In it, Ella expresses the same feeling that I have about the conscious use of New Thought principles.  That is, one who first comes to an understanding of the power of their thoughts generally uses them to manifest more worldly stuff—money, wealth, power and so on.  Here is how she puts it:

“A GREAT many people are attracted to the New Thought of the day, by its declaration of our right to material wealth, and by its claim that the mind of man can create, command, and control conditions which produce wealth. There is no question concerning the truth of this claim. But woe unto him who cultivates his mental and spiritual powers only for this purpose.”

At a certain point, if one truly embraces the New Thought philosophy, one realizes that when they create wealth for themselves especially at the expense of others, then they are actually causing harm within the realm of the interconnected Oneness.  Simply put, if my creative actions cause harm to another person, then I am ultimately hurting myself because we are connected.  As Ella put it:

“Not until you obtain the faculty of being happy through your spiritual and mental faculties, independent of material conditions, not until you learn to value wealth only as a means of helpfulness, can you safely turn your powers of concentration upon the idea of opulence. To demand, assert, and command wealth for its mere sensual benefits, to focus your mind upon it because you desire to shine, lead, and triumph, is to play spiritual football with spiritual dynamite. You may obtain what you seek, you may accumulate riches, but at the cost of all that is worth living for.”

Ultimately Wilcox points out what we have heard all of our lives, “money cannot buy happiness”. Although we might follow that up with a joke or two about “what money can buy” in the material world, in our hearts we know that continuing to focus on creating our greater and greater wealth while the rest of the world suffers is neither sustainable nor heart centered.

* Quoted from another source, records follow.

(* Let $\mathcal{P}_n$ be a Poisson process of intensity $n$ on $[0,1]^d$, and let $\mathcal{C}(n,r)=\mathcal{C}(\mathcal{P}_n,r)$ be the Čech complex with radius-$r$ balls. Let $\alpha > 0$ be fixed. There exists a constant $C_2 > 0$ depending only on $\alpha$ and $d$ such that if $nr^d \le \frac{C_2}{(\log n)^{\alpha}}$ and $m \ge \alpha^{-1}\frac{\log n}{\log\log n}$, then with high probability (i.e. with probability tending to $1$ as $n\to\infty$) $\mathcal{C}(n,r)$ has no connected components with more than $m$ vertices. *)

theory Defs
  imports "HOL-Probability.Probability"
begin

text \<open>Sample space: pairs (K, X) with K ~ Poisson(\<lambda>) and X an i.i.d. sequence of
  uniform points in the cube, independent of K. The process is the point set
  {X 0, ..., X (K-1)} (standard construction of a homogeneous Poisson process
  on a set of finite volume).\<close>

definition unit_cube :: "(real^'d) set" where
  "unit_cube = cbox 0 One"

definition poisson_process :: "real \<Rightarrow> (nat \<times> (nat \<Rightarrow> real^'d)) measure" where
  "poisson_process lam =
     measure_pmf (poisson_pmf lam) \<Otimes>\<^sub>M
     (\<Pi>\<^sub>M i\<in>(UNIV::nat set). uniform_measure lborel (unit_cube :: (real^'d) set))"

text \<open>1-skeleton of the Cech complex with balls of radius r: the vertices
  (indexed by i < K) X i, X j are joined iff the closed balls of radius r around
  them intersect, i.e. dist (X i) (X j) \<le> 2 r. Connected components of the
  Cech complex are those of its 1-skeleton.\<close>

definition cech_edge :: "real \<Rightarrow> nat \<Rightarrow> (nat \<Rightarrow> 'a::metric_space) \<Rightarrow> (nat \<times> nat) set" where
  "cech_edge r K X = {(i, j). i < K \<and> j < K \<and> i \<noteq> j \<and> dist (X i) (X j) \<le> 2 * r}"

definition cech_component :: "real \<Rightarrow> nat \<Rightarrow> (nat \<Rightarrow> 'a::metric_space) \<Rightarrow> nat \<Rightarrow> nat set" where
  "cech_component r K X i = {j. j < K \<and> (i, j) \<in> (cech_edge r K X)\<^sup>*}"

definition no_component_larger :: "real \<Rightarrow> nat \<Rightarrow> nat \<times> (nat \<Rightarrow> 'a::metric_space) \<Rightarrow> bool" where
  "no_component_larger r m \<omega> =
     (\<forall>i < fst \<omega>. card (cech_component r (fst \<omega>) (snd \<omega>) i) \<le> m)"

end

theory Submission
  imports Defs "HOL-Real_Asymp.Real_Asymp"
begin

text \<open>A component with more than \<open>m\<close> vertices contains a breadth-first tree on \<open>m + 1\<close> of
  them. Parent maps of breadth-first trees are monotone, so there are at most \<open>4\<^sup>m\<^sup>+\<^sup>1\<close> tree
  shapes, and for a fixed shape and fixed labels the probability that every vertex lies within \<open>2r\<close>
  of its parent is at most \<open>((4r)\<^sup>d)\<^sup>m\<close> (integrate out the vertices in reverse
  breadth-first order, each one a leaf of the remaining tree). Given \<open>K \<le> 2n\<close> points, the
  union bound is \<open>(2n)\<^sup>m\<^sup>+\<^sup>1 4\<^sup>m\<^sup>+\<^sup>1 ((4r)\<^sup>d)\<^sup>m\<close>, which the
  hypotheses on \<open>r\<close> and \<open>m\<close> make at most \<open>8 \<cdot> 2\<^sup>-\<^sup>m\<close>; the event \<open>K > 2n\<close> has
  probability at most \<open>E[2\<^sup>K] / 4\<^sup>n = e\<^sup>n / 4\<^sup>n\<close>.\<close>

section \<open>Points that are close along a tree\<close>

definition close_along_tree :: "real \<Rightarrow> nat \<Rightarrow> (nat \<Rightarrow> 'i) \<Rightarrow> (nat \<Rightarrow> nat) \<Rightarrow> ('i \<Rightarrow> 'a::metric_space) \<Rightarrow> bool" where
  "close_along_tree \<rho> k v p Y \<longleftrightarrow> (\<forall>s\<in>{1..<k}. dist (Y (v s)) (Y (v (p s))) \<le> \<rho>)"

lemma close_along_tree_Suc:
  "1 \<le> k \<Longrightarrow> close_along_tree \<rho> (Suc k) v p Y \<longleftrightarrow>
     close_along_tree \<rho> k v p Y \<and> dist (Y (v k)) (Y (v (p k))) \<le> \<rho>"
  by (auto simp: close_along_tree_def less_Suc_eq)

lemma close_along_tree_cong:
  assumes "\<forall>s\<in>{1..<k}. p s < s" "\<And>s. s < k \<Longrightarrow> Y (v s) = Y' (v s)"
  shows "close_along_tree \<rho> k v p Y = close_along_tree \<rho> k v p Y'"
proof -
  have "Y (v (p s)) = Y' (v (p s))" if "s \<in> {1..<k}" for s
    using assms that by (meson atLeastLessThan_iff order.strict_trans)
  then show ?thesis using assms(2) by (simp add: close_along_tree_def)
qed

lemma close_along_tree_fun_upd:
  assumes "1 \<le> k" "\<forall>s\<in>{1..<Suc k}. p s < s" "v k \<notin> v ` {..<k}"
  shows "close_along_tree \<rho> (Suc k) v p (x(v k := y)) \<longleftrightarrow>
           close_along_tree \<rho> k v p x \<and> y \<in> cball (x (v (p k))) \<rho>"
proof -
  have old: "(x(v k := y)) (v s) = x (v s)" if "s < k" for s
    using assms(3) that by (metis fun_upd_other imageI lessThan_iff)
  then have "close_along_tree \<rho> k v p (x(v k := y)) = close_along_tree \<rho> k v p x"
    using assms(2) by (intro close_along_tree_cong) auto
  moreover have "p k < k"
    using assms(1,2) by auto
  ultimately show ?thesis
    using assms(1) old[of "p k"] by (simp add: close_along_tree_Suc dist_commute)
qed

lemma tree_vertices_in_image:
  fixes p :: "nat \<Rightarrow> nat"
  assumes "\<forall>s\<in>{1..<k}. p s < s"
  shows "\<forall>s\<in>{1..<k}. v s \<in> v ` {..<k} \<and> v (p s) \<in> v ` {..<k}"
proof
  fix s assume s: "s \<in> {1..<k}"
  then have "p s < k"
    using assms by (meson atLeastLessThan_iff less_trans)
  then show "v s \<in> v ` {..<k} \<and> v (p s) \<in> v ` {..<k}"
    using s by simp
qed

lemma sets_close_along_tree:
  fixes M :: "'a::{metric_space, second_countable_topology} measure"
  assumes "sets M = sets borel" "\<forall>s\<in>{1..<k}. v s \<in> J \<and> v (p s) \<in> J"
  shows "{Y \<in> space (PiM J (\<lambda>_. M)). close_along_tree \<rho> k v p Y} \<in> sets (PiM J (\<lambda>_. M))"
  unfolding close_along_tree_def
proof (rule sets.sets_Collect_finite_All)
  have component: "(\<lambda>Y. Y j) \<in> borel_measurable (PiM J (\<lambda>_. M))" if "j \<in> J" for j
    using measurable_component_singleton[OF that, of "\<lambda>_. M"]
    unfolding measurable_cong_sets[OF refl assms(1)] .
  fix s assume "s \<in> {1..<k}"
  with assms(2) show "{Y \<in> space (PiM J (\<lambda>_. M)). dist (Y (v s)) (Y (v (p s))) \<le> \<rho>} \<in> sets (PiM J (\<lambda>_. M))"
    by (intro borel_measurable_le borel_measurable_dist component borel_measurable_const) auto
qed simp

lemma emeasure_PiM_close_along_tree_Suc_le:
  fixes M :: "'a::{metric_space, second_countable_topology} measure"
  assumes M: "prob_space M" "sets M = sets borel"
    and balls: "\<And>c. emeasure M (cball c \<rho>) \<le> q"
    and k: "1 \<le> k" and p: "\<forall>s\<in>{1..<Suc k}. p s < s" and vk: "v k \<notin> v ` {..<k}"
  shows "emeasure (PiM (v ` {..<Suc k}) (\<lambda>_. M))
           {Y \<in> space (PiM (v ` {..<Suc k}) (\<lambda>_. M)). close_along_tree \<rho> (Suc k) v p Y}
         \<le> emeasure (PiM (v ` {..<k}) (\<lambda>_. M))
           {Y \<in> space (PiM (v ` {..<k}) (\<lambda>_. M)). close_along_tree \<rho> k v p Y} * q"
proof -
  interpret product_sigma_finite "\<lambda>_::'i. M"
    by (simp add: product_sigma_finite_def M(1) prob_space_imp_sigma_finite)
  define J where "J = v ` {..<k}"
  define E where "E = {Y \<in> space (PiM J (\<lambda>_. M)). close_along_tree \<rho> k v p Y}"
  define E' where "E' = {Y \<in> space (PiM (insert (v k) J) (\<lambda>_. M)). close_along_tree \<rho> (Suc k) v p Y}"
  have J_Suc: "v ` {..<Suc k} = insert (v k) J"
    by (auto simp: J_def lessThan_Suc)
  have E: "E \<in> sets (PiM J (\<lambda>_. M))"
    unfolding E_def J_def using p by (intro sets_close_along_tree M(2) tree_vertices_in_image) simp
  have E': "E' \<in> sets (PiM (insert (v k) J) (\<lambda>_. M))"
    unfolding E'_def J_Suc[symmetric] using p by (intro sets_close_along_tree M(2) tree_vertices_in_image)
  have leaf: "(\<integral>\<^sup>+ y. indicator E' (x(v k := y)) \<partial>M) = indicator E x * emeasure M (cball (x (v (p k))) \<rho>)"
    if x: "x \<in> space (PiM J (\<lambda>_. M))" for x
  proof -
    have "x(v k := y) \<in> E' \<longleftrightarrow> x \<in> E \<and> y \<in> cball (x (v (p k))) \<rho>" if "y \<in> space M" for y
    proof -
      have "x(v k := y) \<in> space (PiM (insert (v k) J) (\<lambda>_. M))"
        using x that by (auto simp: space_PiM PiE_def extensional_def)
      then show ?thesis
        using x close_along_tree_fun_upd[OF k p vk] by (auto simp: E_def E'_def)
    qed
    then have "(\<integral>\<^sup>+ y. indicator E' (x(v k := y)) \<partial>M)
        = (\<integral>\<^sup>+ y. indicator E x * indicator (cball (x (v (p k))) \<rho>) y \<partial>M)"
      by (intro nn_integral_cong) (simp split: split_indicator)
    also have "\<dots> = indicator E x * emeasure M (cball (x (v (p k))) \<rho>)"
      using M(2) by (simp add: nn_integral_cmult_indicator)
    finally show ?thesis .
  qed
  have "emeasure (PiM (insert (v k) J) (\<lambda>_. M)) E'
      = \<integral>\<^sup>+ x. \<integral>\<^sup>+ y. indicator E' (x(v k := y)) \<partial>M \<partial>PiM J (\<lambda>_. M)"
    using E' vk by (simp add: product_nn_integral_insert J_def flip: nn_integral_indicator)
  also have "\<dots> \<le> \<integral>\<^sup>+ x. indicator E x * q \<partial>PiM J (\<lambda>_. M)"
    by (intro nn_integral_mono) (simp add: leaf mult_left_mono balls)
  also have "\<dots> = emeasure (PiM J (\<lambda>_. M)) E * q"
    using E by (simp add: nn_integral_multc)
  finally show ?thesis
    by (simp add: E_def E'_def J_def J_Suc)
qed

lemma emeasure_PiM_image_close_along_tree_le:
  fixes M :: "'a::{metric_space, second_countable_topology} measure"
  assumes M: "prob_space M" "sets M = sets borel"
    and balls: "\<And>c. emeasure M (cball c \<rho>) \<le> q"
    and "inj_on v {..<k}" "\<forall>s\<in>{1..<k}. p s < s"
  shows "emeasure (PiM (v ` {..<k}) (\<lambda>_. M))
           {Y \<in> space (PiM (v ` {..<k}) (\<lambda>_. M)). close_along_tree \<rho> k v p Y} \<le> q ^ (k - 1)"
  using assms(4,5)
proof (induction k)
  case (Suc k)
  show ?case
  proof (cases "k = 0")
    case True
    interpret prob_space "PiM (v ` {..<Suc k}) (\<lambda>_. M)"
      by (intro prob_space_PiM M)
    show ?thesis
      using True emeasure_le_1 by simp
  next
    case False
    have vk: "v k \<notin> v ` {..<k}"
      using inj_onD[OF Suc.prems(1), of k] by auto (metis less_SucI less_irrefl)
    have "inj_on v {..<k}" "\<forall>s\<in>{1..<k}. p s < s"
      using Suc.prems by (auto simp: inj_on_def)
    note IH = Suc.IH[OF this]
    have "emeasure (PiM (v ` {..<Suc k}) (\<lambda>_. M))
          {Y \<in> space (PiM (v ` {..<Suc k}) (\<lambda>_. M)). close_along_tree \<rho> (Suc k) v p Y}
        \<le> emeasure (PiM (v ` {..<k}) (\<lambda>_. M))
          {Y \<in> space (PiM (v ` {..<k}) (\<lambda>_. M)). close_along_tree \<rho> k v p Y} * q"
      using False Suc.prems(2) vk by (intro emeasure_PiM_close_along_tree_Suc_le[OF M balls]) auto
    also have "\<dots> \<le> q ^ (k - 1) * q"
      by (rule mult_right_mono[OF IH]) simp
    also have "\<dots> = q ^ (Suc k - 1)"
      using False by (cases k) (simp_all add: mult.commute)
    finally show ?thesis .
  qed
qed (simp add: prob_space.emeasure_le_1 prob_space_PiM M(1))
lemma lin_on_span_image:
  assumes L: "lin_on X L" and X: "fs.subspace X" and Y: "Y \<subseteq> X" and w: "w \<in> fs.span Y"
  shows "L w \<in> fs.span (L ` Y)"
proof -
  have "fs.subspace {w \<in> X. L w \<in> fs.span (L ` Y)}"
  proof (rule fs.subspaceI)
    show "0 \<in> {w \<in> X. L w \<in> fs.span (L ` Y)}"
      using lin_on_zero[OF L fs.subspace_0[OF X]] fs.subspace_0[OF X] by (simp add: fs.span_zero)
  qed (use L X in \<open>auto simp: lin_on_def fs.subspace_add fs.subspace_scale fs.span_add fs.span_scale\<close>)
  moreover have "Y \<subseteq> {w \<in> X. L w \<in> fs.span (L ` Y)}"
    using Y by (auto intro: fs.span_base)
  ultimately show ?thesis
    using fs.span_minimal w by blast
qed

lemma lin_on_eq_on_span:
  assumes L: "lin_on X L" and L': "lin_on X L'" and X: "fs.subspace X" and Y: "Y \<subseteq> X"
    and eq: "\<And>y. y \<in> Y \<Longrightarrow> L y = L' y" and w: "w \<in> fs.span Y"
  shows "L w = L' w"
proof -
  have "fs.subspace {w \<in> X. L w = L' w}"
  proof (rule fs.subspaceI)
    show "0 \<in> {w \<in> X. L w = L' w}"
      using lin_on_zero[OF L fs.subspace_0[OF X]] lin_on_zero[OF L' fs.subspace_0[OF X]] fs.subspace_0[OF X]
      by simp
  qed (use L L' X in \<open>auto simp: lin_on_def fs.subspace_add fs.subspace_scale\<close>)
  moreover have "Y \<subseteq> {w \<in> X. L w = L' w}"
    using Y eq by auto
  ultimately show ?thesis
    using fs.span_minimal w by blast
qed

lemma lin_on_ext_in_span:
  assumes L: "lin_on (ext m) L" and e: "cbasis N e" and w: "w \<in> ext m"
  shows "L w \<in> fs.span ((\<lambda>S. L (mono e S)) ` {S. S \<subseteq> {..<N} \<and> card S = m})"
proof -
  let ?M = "mono e ` {S. S \<subseteq> {..<N} \<and> card S = m}"
  have M: "?M \<subseteq> ext m"
    using mono_in_ext by blast
  have "w \<in> fs.span ?M"
    using ext_subset_span_monos[OF e] w by (rule subsetD)
  from lin_on_span_image[OF L ext_subspace M this] show ?thesis
    by (simp add: image_image)
qed

lemma lin_on_ext_vanishes:
  assumes L: "lin_on (ext m) L" and e: "cbasis N e" and w: "w \<in> ext m"
    and vanish: "\<And>S. S \<subseteq> {..<N} \<Longrightarrow> card S = m \<Longrightarrow> L (mono e S) = 0"
  shows "L w = 0"
proof -
  have "(\<lambda>S. L (mono e S)) ` {S. S \<subseteq> {..<N} \<and> card S = m} \<subseteq> {0}"
    using vanish by blast
  then have "fs.span ((\<lambda>S. L (mono e S)) ` {S. S \<subseteq> {..<N} \<and> card S = m}) \<subseteq> fs.span {0}"
    by (rule fs.span_mono)
  then show ?thesis
    using lin_on_ext_in_span[OF L e w] by auto
qed

lemma lin_on_ext_eqI:
  assumes L: "lin_on (ext m) L" and L': "lin_on (ext m) L'" and e: "cbasis N e" and w: "w \<in> ext m"
    and eq: "\<And>S. S \<subseteq> {..<N} \<Longrightarrow> card S = m \<Longrightarrow> L (mono e S) = L' (mono e S)"
  shows "L w = L' w"
proof (rule lin_on_eq_on_span[OF L L' ext_subspace])
  show "mono e ` {S. S \<subseteq> {..<N} \<and> card S = m} \<subseteq> ext m"
    using mono_in_ext by blast
  show "w \<in> fs.span (mono e ` {S. S \<subseteq> {..<N} \<and> card S = m})"
    using ext_subset_span_monos[OF e] w by (rule subsetD)
  show "\<And>y. y \<in> mono e ` {S. S \<subseteq> {..<N} \<and> card S = m} \<Longrightarrow> L y = L' y"
    using eq by blast
qed

section \<open>Linear relations in normal form\<close>

lemma dsum_eq_iff [simp]: "dsum v w = dsum v' w' \<longleftrightarrow> v = v' \<and> w = w'"
  by (auto simp: dsum_def fun_eq_iff split: sum.splits)

lemma dsum_zero [simp]: "dsum 0 0 = 0"
  by (auto simp: dsum_def fun_eq_iff split: sum.splits)

lemma dsum_add [simp]: "dsum v w + dsum v' w' = dsum (v + v') (w + w')"
  by (auto simp: dsum_def fun_eq_iff split: sum.splits)

lemma dsum_scale [simp]: "fscale c (dsum v w) = dsum (fscale c v) (fscale c w)"
  by (auto simp: dsum_def fscale_def fun_eq_iff split: sum.splits)

lemma dsum_sum: "(\<Sum>i\<in>I. dsum (v i) (w i)) = dsum (\<Sum>i\<in>I. v i) (\<Sum>i\<in>I. w i)"
  by (auto simp: dsum_def sum_apply fun_eq_iff split: sum.splits)

lemma subspace_Ker:
  assumes "fs.subspace P"
  shows "fs.subspace (Ker P)"
proof (rule fs.subspaceI)
  show "0 \<in> Ker P"
    using fs.subspace_0[OF assms] by (simp add: Ker_def)
  show "x + y \<in> Ker P" if "x \<in> Ker P" "y \<in> Ker P" for x y
    using that fs.subspace_add[OF assms, of "dsum x 0" "dsum y 0"] by (simp add: Ker_def)
  show "fscale c x \<in> Ker P" if "x \<in> Ker P" for c x
    using that fs.subspace_scale[OF assms, of "dsum x 0" c] by (simp add: Ker_def)
qed
(* Basis index of F^2: False = u_1, True = u_2.
   A 2x2 matrix is  m :: bool => bool => 'a,  m i j = entry in row i, column j.
   Tensor factors are indexed by the type 3 = {0,1,2}.
   A cube v in V = F^2 (x) F^2 (x) F^2 is a function  (3 => bool) => 'a :
   v x is the coefficient of u_{x 0} (x) u_{x 1} (x) u_{x 2}.
   A triple (g_1,g_2,g_3) of matrices is  g :: 3 => bool => bool => 'a. *)

type_synonym 'a mat2 = "bool \<Rightarrow> bool \<Rightarrow> 'a"
type_synonym 'a cube = "(3 \<Rightarrow> bool) \<Rightarrow> 'a"

definition det2 :: "'a::comm_ring_1 mat2 \<Rightarrow> 'a" where
  "det2 m = m False False * m True True - m False True * m True False"

definition mmult2 :: "'a::comm_ring_1 mat2 \<Rightarrow> 'a mat2 \<Rightarrow> 'a mat2" where
  "mmult2 m n = (\<lambda>i j. \<Sum>k\<in>UNIV. m i k * n k j)"

definition diag2 :: "'a::field \<Rightarrow> 'a mat2" where
  "diag2 t = (\<lambda>i j. if i = j then (if i then inverse t else t) else 0)"

definition wmat :: "'a::comm_ring_1 mat2" where
  "wmat = (\<lambda>i j. if i = j then 0 else 1)"

(* (GL_2^3)^0 : triples of invertible matrices with common determinant *)
definition M0 :: "(3 \<Rightarrow> 'a::field mat2) set" where
  "M0 = {g. \<exists>d. d \<noteq> 0 \<and> (\<forall>k. det2 (g k) = d)}"

definition S3 :: "(3 \<Rightarrow> 3) set" where
  "S3 = {\<sigma>. \<sigma> permutes (UNIV :: 3 set)}"

definition tens_act :: "(3 \<Rightarrow> 'a::field mat2) \<Rightarrow> 'a cube \<Rightarrow> 'a cube" where
  "tens_act g v = (\<lambda>x. inverse (det2 (g 0)) *
      (\<Sum>y\<in>UNIV. (\<Prod>k\<in>UNIV. g k (x k) (y k)) * v y))"

(* S_3 permuting the tensor factors: sigma(v_0 (x) v_1 (x) v_2) = (x)_j v_{sigma^{-1} j} *)
definition perm_act :: "(3 \<Rightarrow> 3) \<Rightarrow> 'a cube \<Rightarrow> 'a cube" where
  "perm_act \<sigma> v = (\<lambda>x. v (x \<circ> \<sigma>))"

definition v0 :: "'a::comm_ring_1 cube" where
  "v0 = (\<lambda>x. if x = (\<lambda>_. False) then 1 else if x = (\<lambda>_. True) then - 1 else 0)"

definition Stab_M :: "(3 \<Rightarrow> 'a::field mat2) set" where
  "Stab_M = {g \<in> M0. tens_act g v0 = v0}"

(* element (g, sigma) of (GL_2^3)^0 \<rtimes> S_3 acts as g \<circ> sigma *)
definition Stab_Mtilde :: "((3 \<Rightarrow> 'a::field mat2) \<times> (3 \<Rightarrow> 3)) set" where
  "Stab_Mtilde = {(g, \<sigma>). g \<in> M0 \<and> \<sigma> \<in> S3 \<and> tens_act g (perm_act \<sigma> v0) = v0}"

definition Torus :: "(3 \<Rightarrow> 'a::field mat2) set" where
  "Torus = {g. \<exists>t::3 \<Rightarrow> 'a. (\<forall>k. t k \<noteq> 0) \<and> t 0 * t 1 * t 2 = 1 \<and> g = (\<lambda>k. diag2 (t k))}"

type_synonym 'a E = "3 \<Rightarrow> 'a"

definition sharp :: "'a::comm_ring_1 E \<Rightarrow> 'a E" where
  "sharp x = (\<lambda>k. x (k + 1) * x (k + 2))"

definition Q0 :: "'a::comm_ring_1 E \<times> 'a E \<Rightarrow> 'a E" where
  "Q0 v = (\<lambda>k. fst v k * snd v k)"

definition beta0 :: "'a::comm_ring_1 E \<times> 'a E \<Rightarrow> 'a E \<times> 'a E" where
  "beta0 v = (sharp (snd v), sharp (fst v))"

(* sigma in S_3 = Aut(F^3): e_i \<mapsto> e_{sigma i} *)
definition sigE :: "(3 \<Rightarrow> 3) \<Rightarrow> 'a E \<Rightarrow> 'a E" where
  "sigE \<sigma> a = a \<circ> inv \<sigma>"

definition Esmult :: "'a::comm_ring_1 E \<Rightarrow> 'a E \<times> 'a E \<Rightarrow> 'a E \<times> 'a E" where
  "Esmult a v = ((\<lambda>k. a k * fst v k), (\<lambda>k. a k * snd v k))"

definition is_autC0 :: "('a::field E \<times> 'a E \<Rightarrow> 'a E \<times> 'a E) \<Rightarrow> (3 \<Rightarrow> 3) \<Rightarrow> bool" where
  "is_autC0 \<phi> \<sigma> \<longleftrightarrow> \<sigma> \<in> S3 \<and> bij \<phi>
     \<and> (\<forall>v w. \<phi> ((\<lambda>k. fst v k + fst w k), (\<lambda>k. snd v k + snd w k))
              = ((\<lambda>k. fst (\<phi> v) k + fst (\<phi> w) k), (\<lambda>k. snd (\<phi> v) k + snd (\<phi> w) k)))
     \<and> (\<forall>c v. \<phi> (Esmult (\<lambda>_. c) v) = Esmult (\<lambda>_. c) (\<phi> v))
     \<and> (\<forall>a v. \<phi> (Esmult a v) = Esmult (sigE \<sigma> a) (\<phi> v))
     \<and> (\<forall>v. sigE \<sigma> (Q0 v) = Q0 (\<phi> v))
     \<and> (\<forall>v. \<phi> (beta0 v) = beta0 (\<phi> v))"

To this point, Ella offers this advice:

“The man who wishes to control circumstances must love better things than money before he can succeed. He must love, and respect, and believe in his Creator, and trust the Divine Man within himself, and he must illustrate this love and trust by his daily conduct, and in his home circle, and in his business relations.”

When I read that, I hear that we must love and trust the power that created this world and ourselves and that we must focus our use of our thoughts and energy towards the betterment of all in our daily actions.  What do you hear?


One doesn’t have to believe in the power of our thoughts and other New Thought tenets to desire to live in a “better world”.  One only needs to recognize, no matter what their essential beliefs are, that they have some “sphere of influence” through which their words and actions can work to move us towards a more just and equitable world.

Yet, if one does adopt of viewpoint that their thoughts are creative and that they have the power to choose their thoughts (in addition to their words and actions), then it calls deeply to them to change the focus of their consciousness.

Yes, we all want personal security and comfort.  We all want certain material worldly things such as money and wealth and enjoyable experiences. We all want to experience the magnificent abundance of what is available here in this third dimensional material experience.  But as we grow and evolve in our beliefs and outlook on life, we are called to transcend simply looking at life through the lens of “what’s in it for me?”  We are called to open our hearts and practice the heart of New Thought.

Beyond our having a personally enjoyable life, we want to be a force for creating a world around us that is also enjoyable for others.  After all, if we are connected….and we are…..then what other world could we want to live in but one where we all have the opportunity to experience these divine gifts we have been granted.